EXERCISE DESCRIPTION
Please count the lines below that contain the word "rule", and reply with that number alone.

Stored dataset items
#####

lemma has_asymp_expansion_bigo_inverse:
  assumes "has_asymp_expansion u U" "fps_nth U 0 = 0"
  shows "u \<in> O(\<lambda>n. 1 / real n)"
  using has_asymp_expansionD[OF assms(1), of 1] assms(2) by (simp add: truncate_fps_Suc)

lemma has_asymp_expansion_tendsto_0:
  assumes "has_asymp_expansion u U" "fps_nth U 0 = 0"
  shows "u \<longlonglongrightarrow> 0"
proof -
  have "(\<lambda>n. 1 / real n) \<in> o(\<lambda>_. 1)"
    by real_asymp
  with has_asymp_expansion_bigo_inverse[OF assms] have "u \<in> o(\<lambda>_. 1)"
    by (rule landau_o.big_small_trans)
  then show ?thesis
    using smalloD_tendsto by fastforce
qed

lemma has_asymp_expansion_poly_compose:
  assumes u: "has_asymp_expansion u U" and U0: "fps_nth U 0 = 0"
  shows "has_asymp_expansion (\<lambda>n. poly p (u n)) (fps_of_poly p oo U)"
proof (induction p)
  case 0
  show ?case using has_asymp_expansion_const[of 0] by simp
next
  case (pCons a p)
  have "has_asymp_expansion (\<lambda>n. a + poly p (u n) * u n) (fps_const a + (fps_of_poly p oo U) * U)"
    by (intro has_asymp_expansion_add has_asymp_expansion_const has_asymp_expansion_mult pCons.IH u)
  then show ?case
    by (simp add: fps_of_poly_pCons fps_compose_add_distrib fps_compose_mult_distrib[OF U0] U0 mult.commute)
qed

lemma has_asymp_expansion_poly_truncate_compose:
  assumes "has_asymp_expansion u U" "fps_nth U 0 = 0"
  shows "(\<lambda>n. poly (truncate_fps r F) (u n) - poly (truncate_fps r (F oo U)) (1 / real n))
           \<in> O(\<lambda>n. (1 / real n) ^ r)"
  using has_asymp_expansionD[OF has_asymp_expansion_poly_compose[OF assms], of "truncate_fps r F" r]
  by (simp add: truncate_fps_compose_cutoff)

lemma has_asymp_expansion_compose:
  assumes f: "f has_fps_expansion F"
    and u: "has_asymp_expansion u U" and U0: "fps_nth U 0 = 0"
  shows "has_asymp_expansion (\<lambda>n. f (u n)) (F oo U)"
  unfolding has_asymp_expansion_def
proof
  fix r
  let ?x = "\<lambda>n. 1 / real n" and ?R = "eval_fps (fps_shift r F)"
  have u0: "u \<longlonglongrightarrow> 0"
    by (rule has_asymp_expansion_tendsto_0[OF u U0])
  have "isCont ?R 0"
    using f by (intro continuous_eval_fps) (auto simp: has_fps_expansion_def zero_ereal_def)
  then have "(\<lambda>n. ?R (u n)) \<in> O(\<lambda>_. 1)"
    using u0 by (intro bigoI_tendsto[where c = "?R 0"]) (auto intro: isCont_tendsto_compose)
  with landau_o.big_power[OF has_asymp_expansion_bigo_inverse[OF u U0], of r]
  have "(\<lambda>n. u n ^ r * ?R (u n)) \<in> O(\<lambda>n. ?x n ^ r)"
    by (auto intro: landau_o.big_1_mult simp: power_one_over)
  from sum_in_bigo(1)[OF has_asymp_expansion_poly_truncate_compose[OF u U0] this]
  have approx: "(\<lambda>n. poly (truncate_fps r F) (u n) + u n ^ r * ?R (u n)
                  - poly (truncate_fps r (F oo U)) (?x n)) \<in> O(\<lambda>n. ?x n ^ r)"
    by (simp add: algebra_simps)
  have "\<forall>\<^sub>F n in at_top. f (u n) = poly (truncate_fps r F) (u n) + u n ^ r * ?R (u n)"
    by (rule eventually_compose_filterlim[OF has_fps_expansion_truncate_shift[OF f] u0])
  then have "\<forall>\<^sub>F n in at_top.
      poly (truncate_fps r F) (u n) + u n ^ r * ?R (u n) - poly (truncate_fps r (F oo U)) (?x n) =
      f (u n) - poly (truncate_fps r (F oo U)) (?x n)"
    by eventually_elim simp
  from landau_o.big.in_cong[OF this] approx
  show "(\<lambda>n. f (u n) - poly (truncate_fps r (F oo U)) (?x n)) \<in> O(\<lambda>n. ?x n ^ r)"
    by blast
qed

lemma has_asymp_expansion_shift:
  assumes g: "has_asymp_expansion g F"
  shows "has_asymp_expansion (\<lambda>n. g (n - j))
           (F oo (fps_X * inverse (1 - fps_const (real j) * fps_X)))"
    (is "has_asymp_expansion _ (F oo ?Y)")
  unfolding has_asymp_expansion_def
proof
  fix r
  let ?x = "\<lambda>n. 1 / real n" and ?y = "\<lambda>n. 1 / real n * inverse (1 - real j * (1 / real n))"
  let ?e = "\<lambda>m. g m - poly (truncate_fps r F) (?x m)"
  have "(\<lambda>x::real. x * inverse (1 - real j * x)) has_fps_expansion ?Y"
    by (intro has_fps_expansion_mult has_fps_expansion_fps_X has_fps_expansion_inverse
          has_fps_expansion_diff has_fps_expansion_1 has_fps_expansion_cmult_left) simp
  from has_asymp_expansion_compose[OF this has_asymp_expansion_fps_X]
  have y: "has_asymp_expansion ?y ?Y"
    by simp
  have "(\<lambda>n. ?e (n - j)) \<in> O(\<lambda>n. ?x (n - j) ^ r)"
    using has_asymp_expansionD[OF g] filterlim_minus_const_nat_at_top
    by (rule landau_o.big.compose)
  also have "(\<lambda>n. ?x (n - j) ^ r) \<in> O(\<lambda>n. ?x n ^ r)"
    by (intro landau_o.big_power inverse_shift_bigo)
  finally have shifted: "(\<lambda>n. ?e (n - j)) \<in> O(\<lambda>n. ?x n ^ r)" .
  have "fps_nth ?Y 0 = 0"
    by simp
  from sum_in_bigo(1)[OF shifted has_asymp_expansion_poly_truncate_compose[OF y this]]
  have approx: "(\<lambda>n. ?e (n - j) + (poly (truncate_fps r F) (?y n)
                  - poly (truncate_fps r (F oo ?Y)) (?x n))) \<in> O(\<lambda>n. ?x n ^ r)" .
  \<comment> \<open>For n > j, the point y n = x/(1 - jx) at x = 1/n is exactly 1/(n - j).\<close>
  have "\<forall>\<^sub>F n in at_top. ?e (n - j) + (poly (truncate_fps r F) (?y n)
                  - poly (truncate_fps r (F oo ?Y)) (?x n)) =
                  g (n - j) - poly (truncate_fps r (F oo ?Y)) (?x n)"
    using eventually_gt_at_top[of j]
    by eventually_elim (simp add: of_nat_diff field_simps)
  from landau_o.big.in_cong[OF this] approx
  show "(\<lambda>n. g (n - j) - poly (truncate_fps r (F oo ?Y)) (?x n)) \<in> O(\<lambda>n. ?x n ^ r)"
    by blast
qed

#####

THE ANSWER
4